Underhill v. Royer
Filing
18
ORDER denying 17 Motion TO TREAT DEFENDANTS' MOTIONS TO DISMISS AS BROUGHT PURSUANT TO FED. R. CIV. PRO. 56. Signed by District Judge Thomas L. Ludington. (SGam)
UNITED STATES DISTRICT COURT
EASTERN DISTRICT OF MICHIGAN
NORTHERN DIVISION
JOHN H. UNDERHILL,
Plaintiff,
Case No. 14-cv-14768
v
Honorable Thomas L. Ludington
SHERI ROYER, et al.,
Defendants.
__________________________________________/
ORDER DENYING PLAINTIFF’S MOTION TO TREAT DEFENDANTS’ MOTIONS
AS BROUGHT PURSUANT TO FEDERAL RULE OF CIVIL PROCEDURE 56
On December 17, 2014, Plaintiff John Underhill filed a complaint alleging that
Defendants unlawfully removed Underhill’s daughter from his care.
He contends that
Defendants’ actions violated his procedural and substantive Fourteenth Amendment rights, and
he further seeks a declaratory judgment that the Michigan Child Custody Act is unconstitutional.
On February 2, 2015, Defendants filed their motions to dismiss pursuant to Federal Rule
of Civil Procedure 12(b)(6).
See ECF No. 14, 15.
Defendant Judge Scott Pavlich seeks
dismissal based on absolute judicial immunity, the Rooker-Feldman doctrine, and principles of
abstention. Defendant Sheri Royer seeks dismissal based on qualified immunity and Underhill’s
failure to meet the grounds for declaratory relief.
On February 18, 2015, Underhill filed a “Motion to Treat Defendant’s Motion(s) to
Dismiss Brought Pursuant to Fed. R. Civ. Pro. 12(b) as if Brought Pursuant to Fed. R. Civ. Pro.
56 and to Allow Plaintiff Some Expedited Discovery Before the Motions are Heard”. ECF No.
17. Although somewhat self-evident from the title, Underhill requests that this Court delay in
ruling on Defendants’ motions until he is able to conduct some depositions.1 After conducting
this discovery, Underhill continues, Defendants’ motions should be converted to motions for
summary judgment, so that he can use the deposition testimony in opposition to Defendants’
motions.
Underhill’s request to convert Defendants’ motions will be denied. Defendants’ are
masters of their motions; they are permitted to challenge any of Underhill’s claims in the way
they see fit. Here, they have chosen to challenge the facial validity of Underhill’s claims. See
Vaughn v. Office of the Judge for the Third Circuit Court, 2015 WL 404254, at *5 (E.D. Mich.
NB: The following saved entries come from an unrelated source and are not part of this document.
text \<open>Tips of the Yule tree (topology only) after growing to m lineages;
  the splitting lineage is uniform among current lineages.\<close>
fun yule_tips :: "nat \<Rightarrow> lineage list pmf" where
  "yule_tips 0 = return_pmf [[]]"
| "yule_tips (Suc 0) = return_pmf [[]]"
| "yule_tips (Suc (Suc m)) =
     bind_pmf (yule_tips (Suc m))
       (\<lambda>L. map_pmf (split_lineage L) (pmf_of_set {..<length L}))"

fun split_idx :: "lineage \<Rightarrow> lineage \<Rightarrow> nat" where
  "split_idx (x # xs) (y # ys) = (if x = y then split_idx xs ys else fst x)"
| "split_idx _ _ = 0"

definition kappa_pmf :: "nat \<Rightarrow> nat pmf" where
  "kappa_pmf n = bind_pmf (yule_tips n)
     (\<lambda>L. map_pmf (\<lambda>(a, b). split_idx (L ! a) (L ! b))
            (pmf_of_set {(a, b). a < b \<and> b < n}))"

definition yule_space :: "nat \<Rightarrow> (nat \<times> (nat \<Rightarrow> real)) measure" where
  "yule_space n = measure_pmf (kappa_pmf n) \<Otimes>\<^sub>M
     (\<Pi>\<^sub>M i\<in>{1..n}. density lborel (exponential_density (real i)))"

definition coal_time :: "nat \<Rightarrow> nat \<times> (nat \<Rightarrow> real) \<Rightarrow> real" where
  "coal_time n \<omega> = (\<Sum>i\<in>{Suc (fst \<omega>)..n}. snd \<omega> i)"

definition H :: "nat \<Rightarrow> nat \<Rightarrow> real" where
  "H n r = (\<Sum>i=1..n. 1 / real i ^ r)"

end

theory Submission
  imports Defs "HOL-Real_Asymp.Real_Asymp"
begin

text \<open>
  Count ordered pairs of distinct tips by the speciation event at which their lineages split.
  Splitting a uniformly chosen tip w of a tree with m tips doubles every pair containing w
  and adds the two sibling pairs split at event m; averaging over w gives the recursion
  c(k, m + 1) = c(k, m) (m + 2) / m + 2 [k = m] for the expected count, whence
  P(kappa_n = k) = 2 (n + 1) / ((n - 1) (k + 1) (k + 2)) for 1 \<le> k < n.
  Given kappa_n = k, the coalescent time is a sum of the independent exponentials
  T_(k+1), ..., T_n, with mean H_n - H_k and second moment (H_n - H_k)^2 + H_(n,2) - H_(k,2).
  Against the weights 1 / ((k + 1) (k + 2)) the sums of 1, H_k, H_(k,2) and H_k^2 telescope,
  so E tau = ((n + 1) H_n - 2 n) / (n - 1) and
  E tau^2 = ((n + 1) (H_n^2 + H_(n,2) - 4 H_n) + 4 n) / (n - 1).
  The limit follows from H_(n,2) \<longrightarrow> pi^2 / 6 and H_n \<le> 1 + ln n.
\<close>

section \<open>Lineages of the Yule tree\<close>

lemma split_idx_append_Cons:
  assumes "b \<noteq> c"
  shows "split_idx (p @ (j, b) # xs) (p @ (j, c) # ys) = j"
  using assms by (induction p) auto

definition diverging :: "lineage \<Rightarrow> lineage \<Rightarrow> bool" where
  "diverging u v \<longleftrightarrow> (\<exists>p j b xs ys. u = p @ (j, b) # xs \<and> v = p @ (j, \<not> b) # ys)"

lemma diverging_sym:
  assumes "diverging u v"
  shows "diverging v u"
proof -
  obtain p j b xs ys where "u = p @ (j, b) # xs" "v = p @ (j, \<not> b) # ys"
    using assms unfolding diverging_def by blast
  then show ?thesis
    unfolding diverging_def by (intro exI[of _ p] exI[of _ j] exI[of _ "\<not> b"] exI[of _ ys] exI[of _ xs]) auto
qed

lemma diverging_appendI: "diverging u v \<Longrightarrow> diverging (u @ s) v"
  unfolding diverging_def by (metis append.assoc append_Cons)

lemma diverging_children: "diverging (w @ [(j, False)]) (w @ [(j, True)])"
  unfolding diverging_def by (intro exI[of _ w] exI[of _ j] exI[of _ False] exI[of _ "[]"]) auto

lemma diverging_not_prefix: "diverging u v \<Longrightarrow> v \<noteq> u @ s"
  unfolding diverging_def by auto

lemma split_idx_diverging_sym: "diverging u v \<Longrightarrow> split_idx u v = split_idx v u"
  unfolding diverging_def
  by (metis split_idx_append_Cons)

lemma split_idx_diverging_append:
  assumes "diverging u v"
  shows "split_idx (u @ s) v = split_idx u v" "split_idx v (u @ s) = split_idx u v"
proof -
  show *: "split_idx (u @ s) v = split_idx u v"
    using assms unfolding diverging_def by (auto simp: split_idx_append_Cons)
  show "split_idx v (u @ s) = split_idx u v"
    using * split_idx_diverging_sym[OF diverging_sym[OF diverging_appendI[OF assms]]] by simp
qed

definition tree_tips :: "lineage list \<Rightarrow> bool" where
  "tree_tips L \<longleftrightarrow> distinct L \<and> (\<forall>u\<in>set L. \<forall>v\<in>set L. u \<noteq> v \<longrightarrow> diverging u v)"

lemma set_split_lineage:
  assumes "i < length L" "distinct L"
  shows "set (split_lineage L i) =
    insert (L ! i @ [(length L, False)]) (insert (L ! i @ [(length L, True)]) (set L - {L ! i}))"
proof -
  have L: "L = take i L @ L ! i # drop (Suc i) L"
    using assms by (simp add: id_take_nth_drop)
  then have "distinct (take i L @ L ! i # drop (Suc i) L)"
    using assms by simp
  moreover have "set L = insert (L ! i) (set (take i L) \<union> set (drop (Suc i) L))"
    by (subst L) auto
  ultimately show ?thesis
    unfolding split_lineage_def by auto
qed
Jan. 29, 2015) (“A motion to dismiss pursuant to Fed. R. Civ. P. 12(b)(6) tests a complaint’s
legal sufficiency.”) . When evaluating Defendants’ motions, the Court must accept the factual
allegations in Underhill’s complaint as true. Erickson v. Pardus, 551 U.S. 89, 94 (2007).
Underhill has not shown good cause for overruling Defendants’ strategic choice in bringing a
motion to dismiss that challenges the facial validity of Underhill’s claims.
Accordingly, it is ORDERED that Plaintiff Underhill’s Motion to Treat Defendants’
Motion (ECF No. 17) is DENIED.
Dated: February 23, 2015
s/Thomas L. Ludington
THOMAS L. LUDINGTON
United States District Judge
PROOF OF SERVICE
The undersigned certifies that a copy of the foregoing order was served
upon each attorney or party of record herein by electronic means or first
class U.S. mail on February 23, 2015.
s/Tracy A. Jacobs
TRACY A. JACOBS
1
“This Plaintiff simply needs 5 depositions, which could be accomplished in the next 30 days, assuming some
assistance from opposing counsel with scheduling. With the above in mind, the Plaintiff seeks an order treating the
Defendants’ current motions as if brought pursuant to Fed. R. Civ. Pro. 56 and to allow the Plaintiff at least some
limited discovery described above before the Defendants’ current motions are heard.” Mot. 15, ECF No. 17.